Insuline spike from PWO carbs considered useless?
I am returning to fitness and working out after a couple years...
I am reading a lot of opinions on other sites about carbs in PWO shake being unneeded and in fact spiking insulin after PWO is useless because the protein will do this naturally.
In addition I've seen posts pointing to research about how the window of opportunity is not immediately after workout but rather a full 24 hours after working out.
I'm looking for differing opinions on this because it shatters my beliefs from everything I've learned on this site.
Please help me settle this issue.
I don't think it matters nearly as much as people would have you think.
For growth you need two things IMO:
1. To get stronger on your lifts. I don't care what program your using, if it does not focus around Progressive Overload one way or another, it's not going to get you very far.
2. To eat/rest/recover enough.
Nutrition is a general thing. Recovery is a general thing. Shoot, getting stronger is a GENERAL thing! It effects the entire body.
The only thing you can monitor is your strength increases, and whether your getting 'fatter' or 'buffer'.
Don't worry about insulin. Just lift, eat, sleep.
I think the pwo shake is essential. :)
A whey/high glycemic index carbohydrate are an essential part of recovery. There is plenty of research on that.
The combination of whey and a high glycemic index carbohydrate provide a synergistic effect. That means the sum is greater than it parts.
A hyperbolic example would be 2 + 2 = 5.
Think of it like having a heart attach. If you knew ahead of time you were going to have a heart attack, would you:
1) Take something to slow it down before you had it?
2) Take something while you were having it?
3) Take something immediately after having it?
4) Have it but don't do anything?
Obviously, you want to do 1, 2, and 3.
Hard training sessions cause some trama to the body.
So, what you do before, during and immediately after make a difference.
This is one of the most definitive books on Pre, Peri and Post Workout consumption by Dr John Ivy. The beauty of the book is it is a quick easy read.
ABC Bodybuilding Research
This Advance Nutrition site at ABC Bodybuilding provide great information.
Maximize Protein Synthesis
by Bill Willis PhDc and John Meadows CISSN, CSCS
Willis and Meadow have an excellent article on how protein and high glycemic index carbodhyrates provide an anabolic environment.
What exactly is PROTEIN SYNTHESIS?!
This is an excellent audio seminar by Drs Layne Norton and Jake Wilson on protein synthesis and how it occurs. Protein Synthesis means more muscle mass.
Good post Kenny and good links.
I would have suggested some of those links as well.
BTW, it's Jake, not Jack, and he is the President of ABC Bodybuilding.com. Just a neat little tidbit, in case you didn't know. : )
I am challanged. My fingers and brain don't work together at the same time. :(
I corrected it.
However, I'd warn that it really does depend on your goals. HUGE insulin spikes will help you get stronger, but they are also bad for you. So you have to consider that.
Additionally, you have to consider the fact that insulin causes fat storage. With that in mind, in order to reap the benefits without experiencing fat gain hindering desired fat loss, you'd have to make sure the rest of your diet is in check.
And that's actually why I would highly recommend against post workout carbs to anyone who has A LOT of fat weight to lose. They need to get the rest of their diet in check first and learn how to drop the fat. They need to learn the basics first.
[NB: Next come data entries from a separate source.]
(* Let $U=\{x\in\mathbb R^4:x^2+x^4>0\}$. A smooth covector field $A$ on $U$ satisfies $L_\xi A=0$ for $\xi\in\{e_{12}-e_{14},\,e_{23}+e_{34},\,e_{24},\,e_1,\,e_3,\,e_2-e_4\}$ if and only if there is a real constant $B$ with $$A=\Big(0,\ \frac{B}{x^2+x^4},\ 0,\ \frac{B}{x^2+x^4}\Big).$$
   Context: Work in $\mathbb R^4$ with Galilean (Cartesian) coordinates $x^1,x^2,x^3,x^4$ of Minkowski space (metric $\mathrm{diag}(-1,-1,-1,1)$). A potential on an open set $U\subseteq\mathbb R^4$ is a smooth covector field $A=A_i\,dx^i$; its components $A_i$ are always those with respect to the coordinates $x^i$, even when written as functions of other variables. For a vector field $\xi=\xi^k\partial_k$ the Lie derivative is $(L_\xi A)_i=\xi^k\partial_kA_i+A_k\partial_i\xi^k$. The vector fields used are, by components $(\xi^1,\xi^2,\xi^3,\xi^4)$: $e_1=(1,0,0,0)$, $e_2=(0,1,0,0)$, $e_3=(0,0,1,0)$, $e_4=(0,0,0,1)$, $e_{12}=(-x^2,x^1,0,0)$, $e_{13}=(x^3,0,-x^1,0)$, $e_{23}=(0,-x^3,x^2,0)$, $e_{14}=(x^4,0,0,x^1)$, $e_{24}=(0,x^4,0,x^2)$, $e_{34}=(0,0,x^4,x^3)$. A potential admits a family of vector fields if $L_\xi A=0$ for each $\xi$ in it (equivalently for every element of their linear span). "Functions" are smooth real functions; $\mathrm{ch}=\cosh$, $\mathrm{sh}=\sinh$. *)

theory Defs
  imports "HOL-Analysis.Analysis"
begin

text \<open>Points of R^4 are elements of real^4. The Galilean coordinate x^k (k = 1..4)
  is the component at index idx k (the elements 0,1,2,3 of the index type 4).\<close>

definition idx :: "nat \<Rightarrow> 4" where
  "idx k = of_nat (k - 1)"

definition coord :: "nat \<Rightarrow> real^4 \<Rightarrow> real" where
  "coord k x = x $ idx k"

definition mk4 :: "real \<Rightarrow> real \<Rightarrow> real \<Rightarrow> real \<Rightarrow> real^4" where
  "mk4 a b c d = (\<chi> j. if j = idx 1 then a else if j = idx 2 then b
                       else if j = idx 3 then c else d)"

definition partial :: "4 \<Rightarrow> (real^4 \<Rightarrow> real) \<Rightarrow> real^4 \<Rightarrow> real" where
  "partial i f x = frechet_derivative f (at x) (axis i 1)"

fun Ck_on :: "nat \<Rightarrow> (real^4) set \<Rightarrow> (real^4 \<Rightarrow> real) \<Rightarrow> bool" where
  "Ck_on 0 U f = continuous_on U f"
| "Ck_on (Suc k) U f = ((\<forall>x\<in>U. f differentiable (at x)) \<and> (\<forall>i. Ck_on k U (partial i f)))"

definition smooth_on :: "(real^4) set \<Rightarrow> (real^4 \<Rightarrow> real) \<Rightarrow> bool" where
  "smooth_on U f = (\<forall>k. Ck_on k U f)"

definition lie :: "(real^4 \<Rightarrow> real^4) \<Rightarrow> (real^4 \<Rightarrow> real^4) \<Rightarrow> real^4 \<Rightarrow> real^4" where
  "lie xi A x = (\<chi> i. \<Sum>k\<in>UNIV. xi x $ k * partial k (\<lambda>y. A y $ i) x
                                  + A x $ k * partial i (\<lambda>y. xi y $ k) x)"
Definitely need the rest of the diet in check.
I don't have a study to back me up (not saying there isn't one, I am just too lazy to look, lol), but I believe a healthy powerlifter/bodybuilder with their diet in check with have no adverse effects from a huge insulin spike 4 to 5 times per week with their workout shake.
Thank you all for the incredibly detailed responses.
This is why I come here and stay away from other bodybuilding websites.
I really can't put it any simpler than that. You can talk about shuttling nutrients or what ever all day long if you want. But at the end of the day, it's the anabolic properties of the insulin we are looking for. Insulin tells the cells to grow.
Post workout is clearly the best time to cause an insulin spike, if you chose to do so. Because this is during the time when the body is already working on recovery and growth. Any other time, you'll be more likely to just cause fat storage.
Now you don't HAVE to do it. But you do have the option. And it does work very well. Even if you can't build much more muscle, it still makes you significantly stronger. You'll notice it within weeks.
I'll reiterate that I just don't think it's a good idea when your primary goal is fat loss. It really does depend though. If you're really meticulous, it should still work. But if you're more into simplicity, then I wouldn't bother with it.